[Task statement] After reading the entries below, report how many lines have the string "commute" in them, giving the number alone.
** Opening Material provided block **
(* Let $\lambda$ be a pre-specified threshold, and let $\Pi^*_\lambda$ denote the set of solutions of the constrained problem $$\max_{\pi}\ R(\pi)\quad\text{subject to}\quad \mathrm{THR}(\pi)\le \lambda ,$$ where the maximum is over all individualized treatment rules $\pi:\mathcal X\to\{0,1\}$. (a) If $\lambda<\mathbb{E}[\mathrm{THR}(X)\cdot \mathbb{I}\{\tau(X)>0\}]$, then the oracle rule is $$\pi^*_\lambda(x)=\mathbb{I}\{\tau(x)-\beta^*\,\mathrm{THR}(x)>0\},$$ where $\beta^*$ satisfies $$\mathbb{E}\big[\mathrm{THR}(X)\cdot \mathbb{I}\{\tau(X)-\beta^*\,\mathrm{THR}(X)>0\}\big]=\lambda .$$ That is, this rule belongs to $\Pi^*_\lambda$. (b) If $\lambda\ge \mathbb{E}[\mathrm{THR}(X)\cdot \mathbb{I}\{\tau(X)>0\}]$, then the oracle rule is $\pi^*_\lambda(x)=\mathbb{I}\{\tau(x)>0\}$. This is the same rule that maximizes $R(\pi)$ when no harm constraint is imposed.
   Context: We work in the potential outcomes framework with a superpopulation of random tuples $\{X,A,Y(1),Y(0)\}$. Here $X\in\mathcal X$ are pre-treatment covariates, $A\in\{0,1\}$ is a binary treatment, and $Y(a)\in\{0,1\}$ is the binary potential outcome under treatment $a$; the value $1$ is the favorable outcome. Notation: - Conditional average treatment effect: $\tau(x)=\mathbb{E}\{Y(1)-Y(0)\mid X=x\}$. - Conditional treatment harm rate: $\mathrm{THR}(x)=\mathbb{P}(Y(0)=1,Y(1)=0\mid X=x)$. - An individualized treatment rule (ITR) is any map $\pi:\mathcal X\to\{0,1\}$. - Reward of an ITR: $R(\pi)=\mathbb{E}[\pi(X)Y(1)+\{1-\pi(X)\}Y(0)]$. - Harm rate of an ITR: $\mathrm{THR}(\pi)=\mathbb{E}\{\mathrm{THR}(X)\pi(X)\}$. *)

theory Defs
  imports "HOL-Probability.Probability"
begin

text \<open>Model. M is the distribution of the covariates X on the space 'x.
  K x is the conditional joint law of the pair (Y(0), Y(1)) given X = x,
  with outcomes in bool (True = 1 = favourable).\<close>

definition cate :: "('x \<Rightarrow> (bool \<times> bool) pmf) \<Rightarrow> 'x \<Rightarrow> real" where
  "cate K x = measure_pmf.expectation (K x) (\<lambda>(y0, y1). of_bool y1 - of_bool y0)"

definition cthr :: "('x \<Rightarrow> (bool \<times> bool) pmf) \<Rightarrow> 'x \<Rightarrow> real" where
  "cthr K x = measure_pmf.prob (K x) {(True, False)}"

definition itrs :: "'x measure \<Rightarrow> ('x \<Rightarrow> bool) set" where
  "itrs M = measurable M (count_space UNIV)"

definition reward :: "'x measure \<Rightarrow> ('x \<Rightarrow> (bool \<times> bool) pmf) \<Rightarrow> ('x \<Rightarrow> bool) \<Rightarrow> real" where
  "reward M K \<pi> = (\<integral>x. measure_pmf.expectation (K x)
      (\<lambda>(y0, y1). of_bool (\<pi> x) * of_bool y1 + (1 - of_bool (\<pi> x)) * of_bool y0) \<partial>M)"

definition harm :: "'x measure \<Rightarrow> ('x \<Rightarrow> (bool \<times> bool) pmf) \<Rightarrow> ('x \<Rightarrow> bool) \<Rightarrow> real" where
  "harm M K \<pi> = (\<integral>x. cthr K x * of_bool (\<pi> x) \<partial>M)"

definition opt_set :: "'x measure \<Rightarrow> ('x \<Rightarrow> (bool \<times> bool) pmf) \<Rightarrow> real \<Rightarrow> ('x \<Rightarrow> bool) set" where
  "opt_set M K lam = {\<pi> \<in> itrs M. harm M K \<pi> \<le> lam \<and>
      (\<forall>\<pi>' \<in> itrs M. harm M K \<pi>' \<le> lam \<longrightarrow> reward M K \<pi>' \<le> reward M K \<pi>)}"

end

theory Submission
  imports Defs
begin

text \<open>Pointwise, the reward of a rule is the never-treat reward plus the integral of
  \<open>\<pi>(x) \<tau>(x)\<close>, so \<open>R(\<pi>) - \<beta> THR(\<pi>)\<close> differs by a constant from the integral of
  \<open>\<pi>(x) (\<tau>(x) - \<beta> THR(x))\<close>. This Lagrangian is maximised by treating exactly where the
  integrand is positive. For \<open>\<beta> \<ge> 0\<close> and a threshold rule whose harm equals \<open>\<lambda>\<close> (or
  \<open>\<beta> = 0\<close> and harm at most \<open>\<lambda>\<close>), weak duality turns Lagrangian optimality into
  optimality under the harm constraint. In case (a), \<open>\<beta> \<ge> 0\<close> is forced: the harm of the
  threshold rule decreases in \<open>\<beta>\<close>, and at \<open>\<beta> = 0\<close> it already exceeds \<open>\<lambda>\<close>.\<close>

lemma integral_of_bool_mult_le_positive_part:
  fixes g :: "'a \<Rightarrow> real"
  assumes "integrable M g" and "Measurable.pred M P"
  shows "(\<integral>x. of_bool (P x) * g x \<partial>M) \<le> (\<integral>x. of_bool (g x > 0) * g x \<partial>M)"
proof (rule integral_mono)
  show "integrable M (\<lambda>x. of_bool (P x) * g x)"
    by (rule Bochner_Integration.integrable_bound[OF assms(1)]) (use assms in auto)
  show "integrable M (\<lambda>x. of_bool (g x > 0) * g x)"
    by (rule Bochner_Integration.integrable_bound[OF assms(1)]) (use assms in auto)
qed auto

lemma expectation_pmf_bool_pair:
  fixes f :: "bool \<times> bool \<Rightarrow> real"
  shows "measure_pmf.expectation p f =
    pmf p (False, False) * f (False, False) + pmf p (False, True) * f (False, True)
    + pmf p (True, False) * f (True, False) + pmf p (True, True) * f (True, True)"
proof -
  have "measure_pmf.expectation p f = (\<Sum>ab\<in>UNIV. pmf p ab *\<^sub>R f ab)"
    by (rule integral_measure_pmf) auto
  then show ?thesis
    by (simp add: UNIV_Times_UNIV[symmetric] UNIV_bool algebra_simps)
qed

lemma cate_eq: "cate K x = pmf (K x) (False, True) - pmf (K x) (True, False)"
  unfolding cate_def by (simp add: expectation_pmf_bool_pair)

lemma cthr_eq: "cthr K x = pmf (K x) (True, False)"
  unfolding cthr_def by (simp add: measure_pmf_single)

lemma abs_cate_le_1: "\<bar>cate K x\<bar> \<le> 1"
  unfolding cate_eq using pmf_le_1[of "K x"] pmf_nonneg[of "K x"] by (smt (verit))

lemma cthr_nonneg: "0 \<le> cthr K x"
  by (simp add: cthr_eq)

lemma cthr_le_1: "cthr K x \<le> 1"
  by (simp add: cthr_eq pmf_le_1)

lemma expectation_reward_eq:
  "measure_pmf.expectation (K x)
      (\<lambda>(y0, y1). of_bool t * of_bool y1 + (1 - of_bool t) * of_bool y0)
   = pmf (K x) (True, False) + pmf (K x) (True, True) + of_bool t * cate K x"
  by (simp add: expectation_pmf_bool_pair cate_eq algebra_simps)

definition threshold_rule :: "('x \<Rightarrow> (bool \<times> bool) pmf) \<Rightarrow> real \<Rightarrow> 'x \<Rightarrow> bool" where
  "threshold_rule K \<beta> = (\<lambda>x. cate K x - \<beta> * cthr K x > 0)"

lemma threshold_rule_0: "threshold_rule K 0 = (\<lambda>x. cate K x > 0)"
  by (simp add: threshold_rule_def)

locale potential_outcomes = prob_space M for M :: "'x measure" +
  fixes K :: "'x \<Rightarrow> (bool \<times> bool) pmf"
  assumes measurable_pmf_K: "\<And>ab. (\<lambda>x. pmf (K x) ab) \<in> borel_measurable M"
begin

lemma measurable_cate[measurable]: "cate K \<in> borel_measurable M"
  unfolding cate_eq[abs_def] using measurable_pmf_K by measurable

lemma measurable_cthr[measurable]: "cthr K \<in> borel_measurable M"
  unfolding cthr_eq[abs_def] using measurable_pmf_K by measurable

lemma integrable_bounded:
  fixes f :: "'x \<Rightarrow> real"
  assumes "f \<in> borel_measurable M" and "\<And>x. \<bar>f x\<bar> \<le> B"
  shows "integrable M f"
  using assms by (intro integrable_const_bound[where B = B]) auto

lemma integrable_cate: "integrable M (cate K)"
  by (rule integrable_bounded[OF measurable_cate abs_cate_le_1])

lemma integrable_cthr: "integrable M (cthr K)"
  by (rule integrable_bounded[where B = 1]) (auto simp: abs_le_iff cthr_le_1 cthr_nonneg)

lemma integrable_of_bool_mult:
  fixes f :: "'x \<Rightarrow> real"
  assumes "integrable M f" and "\<pi> \<in> itrs M"
  shows "integrable M (\<lambda>x. of_bool (\<pi> x) * f x)"
  by (rule Bochner_Integration.integrable_bound[OF assms(1)]) (use assms in \<open>auto simp: itrs_def\<close>)

lemma threshold_rule_in_itrs: "threshold_rule K \<beta> \<in> itrs M"
  unfolding itrs_def threshold_rule_def by measurable

lemma reward_eq:
  assumes "\<pi> \<in> itrs M"
  shows "reward M K \<pi> = reward M K (\<lambda>_. False) + (\<integral>x. of_bool (\<pi> x) * cate K x \<partial>M)"
proof -
  have "integrable M (\<lambda>x. pmf (K x) (True, False) + pmf (K x) (True, True))"
  proof (rule integrable_bounded[where B = 2])
    show "\<bar>pmf (K x) (True, False) + pmf (K x) (True, True)\<bar> \<le> 2" for x
      using pmf_le_1[of "K x" "(True, False)"] pmf_le_1[of "K x" "(True, True)"] by simp
  qed (use measurable_pmf_K in simp)
  then show ?thesis
    unfolding reward_def expectation_reward_eq
    using assms integrable_cate integrable_of_bool_mult by simp
qed

lemma lagrangian_eq:
  assumes "\<pi> \<in> itrs M"
  shows "reward M K \<pi> - \<beta> * harm M K \<pi> =
    reward M K (\<lambda>_. False) + (\<integral>x. of_bool (\<pi> x) * (cate K x - \<beta> * cthr K x) \<partial>M)"
proof -
  have "(\<integral>x. of_bool (\<pi> x) * (cate K x - \<beta> * cthr K x) \<partial>M)
      = (\<integral>x. of_bool (\<pi> x) * cate K x - \<beta> * (of_bool (\<pi> x) * cthr K x) \<partial>M)"
    by (simp add: algebra_simps)
  also have "\<dots> = (\<integral>x. of_bool (\<pi> x) * cate K x \<partial>M) - \<beta> * harm M K \<pi>"
    using assms integrable_cate integrable_cthr integrable_of_bool_mult
    by (simp add: harm_def mult.commute)
  finally show ?thesis
    using reward_eq[OF assms] by simp
qed

lemma threshold_rule_maximizes_lagrangian:
  assumes "\<pi> \<in> itrs M"
  shows "reward M K \<pi> - \<beta> * harm M K \<pi>
    \<le> reward M K (threshold_rule K \<beta>) - \<beta> * harm M K (threshold_rule K \<beta>)"
proof -
  have "integrable M (\<lambda>x. cate K x - \<beta> * cthr K x)"
    using integrable_cate integrable_cthr by simp
  then have "(\<integral>x. of_bool (\<pi> x) * (cate K x - \<beta> * cthr K x) \<partial>M)
      \<le> (\<integral>x. of_bool (threshold_rule K \<beta> x) * (cate K x - \<beta> * cthr K x) \<partial>M)"
    using integral_of_bool_mult_le_positive_part assms
    unfolding threshold_rule_def itrs_def pred_def by blast
  then show ?thesis
    using lagrangian_eq[OF assms] lagrangian_eq[OF threshold_rule_in_itrs] by simp
qed

lemma harm_threshold_rule_antimono:
  assumes "\<beta> \<le> \<beta>'"
  shows "harm M K (threshold_rule K \<beta>') \<le> harm M K (threshold_rule K \<beta>)"
proof -
  have integrable: "integrable M (\<lambda>x. cthr K x * of_bool (threshold_rule K \<gamma> x))" for \<gamma>
    using integrable_of_bool_mult[OF integrable_cthr threshold_rule_in_itrs]
    by (simp add: mult.commute)
  show ?thesis
    unfolding harm_def
  proof (rule integral_mono[OF integrable integrable])
    fix x
    have "\<beta> * cthr K x \<le> \<beta>' * cthr K x"
      using assms cthr_nonneg by (rule mult_right_mono)
    then show "cthr K x * of_bool (threshold_rule K \<beta>' x) \<le> cthr K x * of_bool (threshold_rule K \<beta> x)"
      using cthr_nonneg[of K x] by (auto simp: threshold_rule_def)
  qed
qed

lemma threshold_rule_in_opt_set:
  assumes "0 \<le> \<beta>" and "harm M K (threshold_rule K \<beta>) \<le> lam"
    and "\<beta> * (lam - harm M K (threshold_rule K \<beta>)) = 0"
  shows "threshold_rule K \<beta> \<in> opt_set M K lam"
  unfolding opt_set_def
proof (intro CollectI conjI ballI impI threshold_rule_in_itrs assms(2))
  fix \<pi> assume "\<pi> \<in> itrs M" and "harm M K \<pi> \<le> lam"
  then have "reward M K \<pi> \<le> reward M K \<pi> + \<beta> * (lam - harm M K \<pi>)"
    using assms(1) by simp
  also have "\<dots> \<le> reward M K (threshold_rule K \<beta>) + \<beta> * (lam - harm M K (threshold_rule K \<beta>))"
    using threshold_rule_maximizes_lagrangian[OF \<open>\<pi> \<in> itrs M\<close>, of \<beta>]
    by (simp add: algebra_simps)
  finally show "reward M K \<pi> \<le> reward M K (threshold_rule K \<beta>)"
    using assms(3) by simp
qed

end

theorem theorem1:
  fixes M :: "'x measure" and K :: "'x \<Rightarrow> (bool \<times> bool) pmf" and lam :: real
  assumes "prob_space M"
    and "\<And>ab. (\<lambda>x. pmf (K x) ab) \<in> borel_measurable M"
  shows "(lam < (\<integral>x. cthr K x * of_bool (cate K x > 0) \<partial>M) \<longrightarrow>
            (\<forall>\<beta>::real. (\<integral>x. cthr K x * of_bool (cate K x - \<beta> * cthr K x > 0) \<partial>M) = lam \<longrightarrow>
               (\<lambda>x. cate K x - \<beta> * cthr K x > 0) \<in> opt_set M K lam))
       \<and> (lam \<ge> (\<integral>x. cthr K x * of_bool (cate K x > 0) \<partial>M) \<longrightarrow>
            (\<lambda>x. cate K x > 0) \<in> opt_set M K lam \<and>
            (\<forall>\<pi> \<in> itrs M. reward M K \<pi> \<le> reward M K (\<lambda>x. cate K x > 0)))"
proof -
  interpret potential_outcomes M K
    using assms by (simp add: potential_outcomes_def potential_outcomes_axioms_def)
  have harm_0: "(\<integral>x. cthr K x * of_bool (cate K x > 0) \<partial>M) = harm M K (threshold_rule K 0)"
    by (simp add: harm_def threshold_rule_0)
  have binding_constraint: "threshold_rule K \<beta> \<in> opt_set M K lam"
    if "lam < harm M K (threshold_rule K 0)" and "harm M K (threshold_rule K \<beta>) = lam" for \<beta>
  proof (rule threshold_rule_in_opt_set)
    show "0 \<le> \<beta>"
      using harm_threshold_rule_antimono[of \<beta> 0] that by fastforce
  qed (use that in simp_all)
  have slack_constraint: "threshold_rule K 0 \<in> opt_set M K lam" if "harm M K (threshold_rule K 0) \<le> lam"
    using that by (intro threshold_rule_in_opt_set) simp_all
  show ?thesis
    using binding_constraint slack_constraint threshold_rule_maximizes_lagrangian[of _ 0]
    unfolding harm_0 by (simp add: harm_def threshold_rule_def)
qed

end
** Closing Material provided block **
[Result of this exercise] 2